Singletons are nothing more than global state. Global state makes it so your objects can secretly get hold of things which are not declared in their APIs, and, as a result, Singletons make your APIs into pathological liars.

Of course, he is overstating a bit. Singletons wrap global state in a class and are used for things that are ‘naturally’ global by nature. Generally, Hevery recommends dependency injection to replace Singletons. That simply means objects are handed their dependencies in their constructor.

Where have all the singletons gone makes the point that dependency injection has made it easy to get instances to constructors that require them, which alleviates the underlying need behind the bad, global Singletons decried in the Pathological Liars.

Meta notes — Brandon Rhodes The Singleton Pattern

Python programmers almost never implement the Singleton Pattern as described in the Gang of Four book, whose Singleton class forbids normal instantiation and instead offers a class method that returns the singleton instance. Python is more elegant, and lets a class continue to support the normal syntax for instantiation while defining a custom __new__() method that returns the singleton instance. But an even more Pythonic approach, if your design forces you to offer global access to a singleton object, is to use The Global Object Pattern instead.

Meta notes — J.B. Rainsberger Use your singletons wisely

Know when to use singletons, and when to leave them behind

J.B. Rainsberger

Published on July 01, 2001 Automated unit testing is most effective when:

  • Coupling between classes is only as strong as it needs to be
  • It is simple to use mock implementations of collaborating classes in place of production implementations
Singletons know too much

There is one implementation anti-pattern that flourishes in an application with too many singletons: the I know where you live anti-pattern. This occurs when, among collaborating classes, one class knows where to get instances of the other.

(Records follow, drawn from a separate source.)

(* The embedding functor $i_{\mathrm{tffr}}\colon\mathcal R\hookrightarrow\mathfrak{sl}(2)\text{-}\mathrm{Mod}_{\mathrm{tffr}}$ is a right adjoint of the rationalization functor $F_{\mathrm{rat}}\colon\mathfrak{sl}(2)\text{-}\mathrm{Mod}_{\mathrm{tffr}}\to\mathcal R$. Therefore $\mathcal R$ is a reflective localization of $\mathfrak{sl}(2)\text{-}\mathrm{Mod}_{\mathrm{tffr}}$ with localization functor $F_{\mathrm{rat}}$. Moreover, $F_{\mathrm{rat}}$ is faithful.
   Context: $\mathfrak{sl}(2)$ has basis $L_{-1}=f$, $L_0=-\tfrac12 h$, $L_1=-e$ for a Chevalley basis $e,f,h$. Every $\mathfrak{sl}(2)$-module $(V,\rho)$ is a $\mathbb{C}[z]$-module via $z\cdot v=\rho(L_0)v$. $\mathfrak{sl}(2)\text{-}\mathrm{Mod}_{\mathrm{tffr}}$ is the full subcategory of $\mathfrak{sl}(2)$-modules that are torsion free as $\mathbb{C}[z]$-modules and of finite rank ($S^{-1}V$ finite-dimensional over $\mathbb{C}(z)$, $S=\mathbb{C}[z]\setminus\{0\}$). $\mathcal R$ is its full subcategory of rational modules, i.e. those which with their $\mathbb{C}[z]$-structure are finite-dimensional $\mathbb{C}(z)$-vector spaces. The rationalization functor sends $(V,\rho)$ to $(S^{-1}V,\rho_{\mathrm{rat}})$ with $\rho_{\mathrm{rat}}(L_{\pm1})(v/p(z))=\rho(L_{\pm1})(v)/p(z\pm1)$ and $\rho_{\mathrm{rat}}(L_0)(v/p(z))=zv/p(z)$, and a morphism $\phi$ to $S^{-1}\phi$. *)

theory Defs
  imports "HOL-Algebra.Module" "HOL-Computational_Algebra.Polynomial"
begin

definition Cring :: "complex ring" where
  "Cring = \<lparr>carrier = UNIV, monoid.mult = (*), monoid.one = 1, zero = 0, add = (+)\<rparr>"

text \<open>A complex vector space (HOL-Algebra module over Cring) together with the
  action of the basis L_{-1} = f, L_0 = -h/2, L_1 = -e of sl(2):
  fields Lm = rho(L_{-1}), Lz = rho(L_0), Lp = rho(L_1).\<close>

record 'b sl2mod = "(complex, 'b) module" +
  Lm :: "'b \<Rightarrow> 'b"
  Lz :: "'b \<Rightarrow> 'b"
  Lp :: "'b \<Rightarrow> 'b"

definition lin_map :: "(complex, 'b, 'm) module_scheme \<Rightarrow> (complex, 'c, 'n) module_scheme \<Rightarrow> ('b \<Rightarrow> 'c) \<Rightarrow> bool" where
  "lin_map M N f \<longleftrightarrow> f \<in> carrier M \<rightarrow> carrier N \<and>
     (\<forall>x\<in>carrier M. \<forall>y\<in>carrier M. f (x \<oplus>\<^bsub>M\<^esub> y) = f x \<oplus>\<^bsub>N\<^esub> f y) \<and>
     (\<forall>c. \<forall>x\<in>carrier M. f (c \<odot>\<^bsub>M\<^esub> x) = c \<odot>\<^bsub>N\<^esub> f x)"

Towards acceptible singletons

Singleton abuse can be avoided by looking at the problem from a different angle. Suppose an application needs only one instance of a class and the application configures that class at startup: Why should the class itself be responsible for being a singleton? It seems quite logical for the application to take on this responsibility, since the application requires this kind of behavior. The application, not the component, should be the singleton. The application then makes an instance of the component available for any application-specific code to use. When an application uses several such components, it can aggregate them into what we have called a toolbox.

Meta notes — Mark Safayan Singleton anti pattern

Instead of using this pattern, simply instantiate a single instance and propagate it to places that use the object as a parameter to make the dependency explicit.